Re: 3.0 and the Cassandra release process

2015-03-18 Thread Robert Stupp
+1

I also appreciate Ariel’s effort. The improved CI integration is great - being 
able to run a huge amount of tests on different platforms against one's 
development branch is a huge improvement.


 Am 17.03.2015 um 22:06 schrieb Jonathan Ellis jbel...@gmail.com:
 
 Cassandra 2.1 was released in September, which means that if we were on
 track with our stated goal of six month releases, 3.0 would be done about
 now.  Instead, we haven't even delivered a beta.  The immediate cause this
 time is blocking for 8099
 https://issues.apache.org/jira/browse/CASSANDRA-8099, but the reality is
 that nobody should really be surprised.  Something always comes up -- we've
 averaged about nine months since 1.0, with 2.1 taking an entire year.
 
 We could make theory align with reality by acknowledging, if nine months
 is our 'natural' release schedule, then so be it.  But I think we can do
 better.
 
 Broadly speaking, we have two constituencies with Cassandra releases:
 
 First, we have the users who are building or porting an application on
 Cassandra.  These users want the newest features to make their job easier.
 If 2.1.0 has a few bugs, it's not the end of the world.  They have time to
 wait for 2.1.x to stabilize while they write their code.  They would like
 to see us deliver on our six month schedule or even faster.
 
 Second, we have the users who have an application in production.  These
 users, or their bosses, want Cassandra to be as stable as possible.
 Assuming they deploy on a stable release like 2.0.12, they don't want to
 touch it.  They would like to see us release *less* often.  (Because that
 means they have to do less upgrades while remaining in our backwards
 compatibility window.)
 
 With our current big release every X months model, these users' needs are
 in tension.
 
 We discussed this six months ago, and ended up with this:
 
 What if we tried a [four month] release cycle, BUT we would guarantee that
 you could do a rolling upgrade until we bump the supermajor version?
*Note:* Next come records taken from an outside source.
(* Let $n$ be a positive integer, $f:\mathbb{Z}_n\to\mathbb C$, and $T_f=\max_{A\in\mathcal A_n}|f(A)|$. For every positive integer $m\le n$, \[n^2T_f^2+\sum_{1\le k<m:\ k\mid n}\frac{m^2\phi(k)}{k}G_f(n/k)\ge\sum_{r\in\mathbb{Z}_n}|\widehat f(r)|^2\cdot\max\left(\frac{m^2\gcd(r,n)}{n},\,m\right).\]
   Context: An arithmetic progression in $\mathbb{Z}_n$ is a set $\{a+kd: 0\le k<l\}$ with $a,d\in\mathbb{Z}_n$ and $l$ an integer with $0\le l\le n/\gcd(n,d)$ (with $\gcd(0,n)=n$, and $\gcd(r,n)$ for $r\in\mathbb{Z}_n$ computed from any integer representative); $\mathcal A_n$ is the family of all of them. $f(A)=\sum_{x\in A}f(x)$. The Fourier transform is $\widehat f(s)=\sum_{x\in\mathbb{Z}_n}f(x)e^{-2\pi i xs/n}$. For a positive divisor $r$ of $n$ and $a\in\mathbb{Z}_n$, $g_f(a,r)=\sum_{x\in\mathbb{Z}_n:\,x=a+jr\text{ for some }j\in\mathbb{Z}_n}f(x)$ and $G_f(r)=\sum_{a=0}^{r-1}|g_f(a,r)|^2$. $\phi$ is Euler's totient function. *)

theory Defs
  imports "HOL-Analysis.Analysis" "HOL-Number_Theory.Number_Theory"
begin

text \<open>Z_n is modelled by the residues {0..<n} (n > 0) with arithmetic mod n;
  a function on Z_n is a function nat => complex whose values on {0..<n} matter.\<close>

definition ap_family :: "nat \<Rightarrow> nat set set" where
  "ap_family n = {{(a + k * d) mod n | k. k < l} | a d l.
      a < n \<and> d < n \<and> l \<le> n div gcd d n}"

definition setsum_f :: "(nat \<Rightarrow> complex) \<Rightarrow> nat set \<Rightarrow> complex" where
  "setsum_f f A = (\<Sum>x\<in>A. f x)"

definition T_f :: "nat \<Rightarrow> (nat \<Rightarrow> complex) \<Rightarrow> real" where
  "T_f n f = Max ((\<lambda>A. cmod (setsum_f f A)) ` ap_family n)"

definition fourier :: "nat \<Rightarrow> (nat \<Rightarrow> complex) \<Rightarrow> nat \<Rightarrow> complex" where
  "fourier n f s = (\<Sum>x<n. f x * exp (- 2 * pi * \<i> * of_nat x * of_nat s / of_nat n))"

definition g_f :: "nat \<Rightarrow> (nat \<Rightarrow> complex) \<Rightarrow> nat \<Rightarrow> nat \<Rightarrow> complex" where
  "g_f n f a r = (\<Sum>x\<in>{x. x < n \<and> (\<exists>j<n. x = (a + j * r) mod n)}. f x)"

definition G_f :: "nat \<Rightarrow> (nat \<Rightarrow> complex) \<Rightarrow> nat \<Rightarrow> real" where
  "G_f n f r = (\<Sum>a<r. (cmod (g_f n f a r))\<^sup>2)"

end

theory Submission
  imports Defs
begin

(* Let P_d(a) = f(a) + f(a + d) + ... + f(a + (m - 1) d).  By Parseval,
   n * sum_d sum_a |P_d(a)|^2 = sum_r |fhat(r)|^2 K(r) with K(r) = sum_d |sum_(j<m) e(j d r / n)|^2;
   the diagonal j = j' gives K(r) >= n m, and the gcd(r, n) differences d that are multiples of
   n / gcd(r, n) give K(r) >= m^2 gcd(r, n).  For the upper bound fix d, let k = n / gcd(d, n) be the
   period of j |-> a + j d and write m = q k + s with s < k.  Then P_d(a) = q C(a) + R(a), where
   C(a) = g_f(a, gcd(d, n)) is a full-period sum and R(a) a progression of length s < k, so |R(a)| <= T_f.
   Since C is invariant under translation by d, the cross term sum_a R(a) conj(C(a)) equals
   (s / k) sum_a |C(a)|^2, whence sum_a |P_d(a)|^2 <= n T_f^2 + (m^2 / k) G_f(n / k) when k < m, and
   <= n T_f^2 when k >= m.  Exactly phi(k) differences d have n / gcd(d, n) = k. *)

section \<open>Roots of unity and periodic extension\<close>

definition root_unity :: "nat \<Rightarrow> int \<Rightarrow> complex" where
  "root_unity n t = exp (2 * pi * \<i> * of_int t / of_nat n)"

lemma root_unity_add: "root_unity n (a + b) = root_unity n a * root_unity n b"
  unfolding root_unity_def by (simp add: exp_add [symmetric] add_divide_distrib distrib_left)

lemma cnj_root_unity: "cnj (root_unity n t) = root_unity n (- t)"
  unfolding root_unity_def by (simp add: exp_cnj)

lemma root_unity_mult_of_nat: "root_unity n (t * int s) = root_unity n t ^ s"
  unfolding root_unity_def by (simp add: exp_of_nat_mult [symmetric] field_simps)

lemma root_unity_eq_1_iff:
  assumes "n > 0"
  shows "root_unity n t = 1 \<longleftrightarrow> int n dvd t"
proof
  assume "root_unity n t = 1"
  then obtain k :: int where "Im (2 * pi * \<i> * of_int t / of_nat n) = of_int (2 * k) * pi"
    unfolding root_unity_def exp_eq_1 by blast
  then have "real_of_int t = real n * of_int k"
    using assms pi_gt_zero by (simp add: field_simps)
  then have "t = int n * k"
    by (metis of_int_eq_iff of_int_mult of_int_of_nat_eq)
  then show "int n dvd t" by simp
next
  assume "int n dvd t"
  then obtain k where "t = int n * k" by (elim dvdE)
  then have "root_unity n t = exp (\<i> * (of_int k * (of_real pi * 2)))"
    unfolding root_unity_def using assms by (simp add: field_simps)
  then show "root_unity n t = 1" by simp
qed

lemma sum_root_unity_powers:
  assumes "n > 0"
  shows "(\<Sum>s<n. root_unity n (t * int s)) = (if int n dvd t then of_nat n else 0)"
proof (cases "int n dvd t")
  case True
  then have "root_unity n (t * int s) = 1" for s
    by (simp add: root_unity_eq_1_iff [OF assms])
  with True show ?thesis by simp
next
  case False
  have "root_unity n t ^ n = 1"
    using root_unity_eq_1_iff [OF assms, of "t * int n"] by (simp add: root_unity_mult_of_nat)
  with False show ?thesis
    by (simp add: root_unity_mult_of_nat sum_gp_strict root_unity_eq_1_iff [OF assms])
qed

definition periodic_ext :: "nat \<Rightarrow> (nat \<Rightarrow> complex) \<Rightarrow> int \<Rightarrow> complex" where
  "periodic_ext n f x = f (nat (x mod int n))"

lemma periodic_ext_of_nat [simp]: "x < n \<Longrightarrow> periodic_ext n f (int x) = f x"
  unfolding periodic_ext_def by simp

lemma periodic_ext_mod [simp]: "periodic_ext n f (x mod int n) = periodic_ext n f x"
  unfolding periodic_ext_def by simp

lemma periodic_ext_mod_add [simp]: "periodic_ext n f (x mod int n + y) = periodic_ext n f (x + y)"
  unfolding periodic_ext_def by (simp add: mod_add_left_eq)

lemma periodic_ext_add_dvd: "int n dvd t \<Longrightarrow> periodic_ext n f (x + t) = periodic_ext n f x"
  unfolding periodic_ext_def by (metis mod_add_right_eq add.right_neutral dvd_imp_mod_0)

lemma sum_residues_shift:
  fixes \<phi> :: "int \<Rightarrow> 'a::comm_monoid_add"
  assumes "n > 0" and periodic: "\<And>x. \<phi> (x mod int n) = \<phi> x"
  shows "(\<Sum>a<n. \<phi> (int a + t)) = (\<Sum>a<n. \<phi> (int a))"
proof (rule sum.reindex_bij_witness [where j = "\<lambda>a. nat ((int a + t) mod int n)"
                                        and i = "\<lambda>b. nat ((int b - t) mod int n)"])
  fix a assume "a \<in> {..<n}"
  then show "nat ((int (nat ((int a + t) mod int n)) - t) mod int n) = a"
    using assms(1) by (simp add: mod_diff_left_eq)
  show "nat ((int a + t) mod int n) \<in> {..<n}"
    using assms(1) by (simp add: nat_less_iff)
  show "\<phi> (int (nat ((int a + t) mod int n))) = \<phi> (int a + t)"
    using assms(1) by (simp add: periodic)
next
  fix b assume "b \<in> {..<n}"
  then show "nat ((int (nat ((int b - t) mod int n)) + t) mod int n) = b"
    using assms(1) by (simp add: mod_add_left_eq)
  show "nat ((int b - t) mod int n) \<in> {..<n}"
    using assms(1) by (simp add: nat_less_iff)
qed

lemma sum_select_residue:
  assumes "n > 0"
  shows "(\<Sum>x<n. if int n dvd (int x - t) then g x else 0) = g (nat (t mod int n))"
proof -
  have "int n dvd (int x - t) \<longleftrightarrow> x = nat (t mod int n)" if "x < n" for x
    using that assms by (auto simp: mod_eq_dvd_iff [symmetric])
  then have "(\<Sum>x<n. if int n dvd (int x - t) then g x else 0)
      = (\<Sum>x<n. if x = nat (t mod int n) then g x else 0)"
    by (intro sum.cong) auto
  also have "\<dots> = g (nat (t mod int n))"
    using assms by (simp add: nat_less_iff)
  finally show ?thesis .
qed

section \<open>The Fourier side\<close>

lemma fourier_eq_root_unity: "fourier n f s = (\<Sum>x<n. f x * root_unity n (- (int x * int s)))"
  unfolding fourier_def root_unity_def by (simp add: field_simps)

lemma norm_fourier_sq:
  "of_real ((cmod (fourier n f s))\<^sup>2)
     = (\<Sum>x<n. \<Sum>y<n. f x * cnj (f y) * root_unity n ((int y - int x) * int s))"
proof -
  have "of_real ((cmod (fourier n f s))\<^sup>2) = fourier n f s * cnj (fourier n f s)"
    by (rule complex_norm_square)
  also have "\<dots> = (\<Sum>x<n. \<Sum>y<n. f x * root_unity n (- (int x * int s))
                                   * (cnj (f y) * root_unity n (int y * int s)))"
    unfolding fourier_eq_root_unity cnj_sum sum_product by (simp add: cnj_root_unity)
  also have "\<dots> = (\<Sum>x<n. \<Sum>y<n. f x * cnj (f y) * root_unity n ((int y - int x) * int s))"
    by (intro sum.cong refl) (simp add: root_unity_add [symmetric] algebra_simps)
  finally show ?thesis .
qed

definition autocorrelation :: "nat \<Rightarrow> (nat \<Rightarrow> complex) \<Rightarrow> int \<Rightarrow> complex" where
  "autocorrelation n f t = (\<Sum>y<n. periodic_ext n f (int y + t) * cnj (f y))"

lemma sum_norm_fourier_sq_root_unity:
  assumes "n > 0"
  shows "(\<Sum>s<n. of_real ((cmod (fourier n f s))\<^sup>2) * root_unity n (t * int s))
           = of_nat n * autocorrelation n f t"
proof -
  have shift: "root_unity n ((int y - int x) * int s) * root_unity n (t * int s)
      = root_unity n ((int y - int x + t) * int s)" for x y s
    by (simp add: root_unity_add [symmetric] distrib_right)
  have "(\<Sum>s<n. of_real ((cmod (fourier n f s))\<^sup>2) * root_unity n (t * int s))
      = (\<Sum>s<n. \<Sum>y<n. \<Sum>x<n. f x * cnj (f y) * root_unity n ((int y - int x + t) * int s))"
    unfolding norm_fourier_sq sum_distrib_right
    by (subst sum.swap) (simp only: mult.assoc shift)
  also have "\<dots> = (\<Sum>y<n. \<Sum>x<n. f x * cnj (f y) * (\<Sum>s<n. root_unity n ((int y - int x + t) * int s)))"
    unfolding sum_distrib_left by (subst sum.swap) (rule sum.cong [OF refl], rule sum.swap)
  also have "\<dots> = (\<Sum>y<n. of_nat n * cnj (f y) * (\<Sum>x<n. if int n dvd (int x - (int y + t)) then f x else 0))"
  proof -
    have "int n dvd (int y - int x + t) \<longleftrightarrow> int n dvd (int x - (int y + t))" for x y
      by (metis dvd_minus_iff minus_diff_eq diff_diff_eq2 add.commute diff_add_eq)
    then show ?thesis
      unfolding sum_root_unity_powers [OF assms] sum_distrib_left
      by (intro sum.cong refl) (simp add: mult_ac)
  qed
  also have "\<dots> = of_nat n * autocorrelation n f t"
    unfolding sum_select_residue [OF assms] autocorrelation_def periodic_ext_def
    by (simp add: sum_distrib_left mult_ac)
  finally show ?thesis .
qed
So 2.0
 could upgrade to 3.0 without having to go through 2.1.  (But to go to 3.1
 or 4.0 you would have to go through 3.0.)
 
 
 Crucially, I added
 
 Whether this is reasonable depends on how fast we can stabilize releases.
 2.1.0 will be a good test of this.
 
 
 Unfortunately, even after DataStax hired half a dozen full-time test
 engineers, 2.1.0 continued the proud tradition of being unready for
 production use, with wait for .5 before upgrading once again looking like
 a good guideline.
 
 I’m starting to think that the entire model of “write a bunch of new
 features all at once and then try to stabilize it for release” is broken.
 We’ve been trying that for years and empirically speaking the evidence is
 that it just doesn’t work, either from a stability standpoint or even just
 shipping on time.
 
 A big reason that it takes us so long to stabilize new releases now is
 that, because our major release cycle is so long, it’s super tempting to
 slip in “just one” new feature into bugfix releases, and I’m as guilty of
 that as anyone.
 
 For similar reasons, it’s difficult to do a meaningful freeze with big
 feature releases.  A look at 3.0 shows why: we have 8099 coming, but we
 also have significant work done (but not finished) on 6230, 7970, 6696, and
 6477, all of which are meaningful improvements that address demonstrated
 user pain.  So if we keep doing what we’ve been doing, our choices are to
 either delay 3.0 further while we finish and stabilize these, or we wait
 nine months to a year for the next release.  Either way, one of our
 constituencies gets disappointed.
 
 So, I’d like to try something different.  I think we were on the right
 track with shorter releases with more compatibility.  But I’d like to throw
 in a twist.  Intel cuts down on risk with a “tick-tock” schedule for new
 architectures and process shrinks instead of trying to do both at once.  We
 can do something similar here:
 
 One month releases.  Period.  If it’s not done, it can wait.
 *Every other release only accepts bug fixes.*
 
 By itself, one-month releases are going to dramatically reduce the
 complexity of testing and debugging new releases -- and bugs that do slip
 past us will only affect a smaller percentage of users, avoiding the “big
 release has a bunch of bugs no one has seen before and pretty much everyone
 is hit by something” scenario.  But by adding in the second rule, I think
 we have a real chance to make a quantum leap here: stable, production-ready
 releases every two months.
 
 So here is my proposal for 3.0:
 
 We’re just about ready to start serious review of 8099.  When that’s done,
 we branch 3.0 and cut a beta and then release candidates.  Whatever isn’t
 done by then, has to wait; unlike prior betas, we will only accept bug
 fixes into 3.0 after branching.
 
 One month after 3.0, we will ship 3.1 (with new features).  At the same
 time, we will branch 3.2.  New features in trunk will go into 3.3.  The 3.2
 

Re: 3.0 and the Cassandra release process

2015-03-18 Thread Gary Dusbabek
+1. This sounds like a step in a better direction.

Gary.

On Tue, Mar 17, 2015 at 4:06 PM, Jonathan Ellis jbel...@gmail.com wrote:

 Cassandra 2.1 was released in September, which means that if we were on
 track with our stated goal of six month releases, 3.0 would be done about
 now.  Instead, we haven't even delivered a beta.  The immediate cause this
 time is blocking for 8099
 https://issues.apache.org/jira/browse/CASSANDRA-8099, but the reality is
 that nobody should really be surprised.  Something always comes up -- we've
 averaged about nine months since 1.0, with 2.1 taking an entire year.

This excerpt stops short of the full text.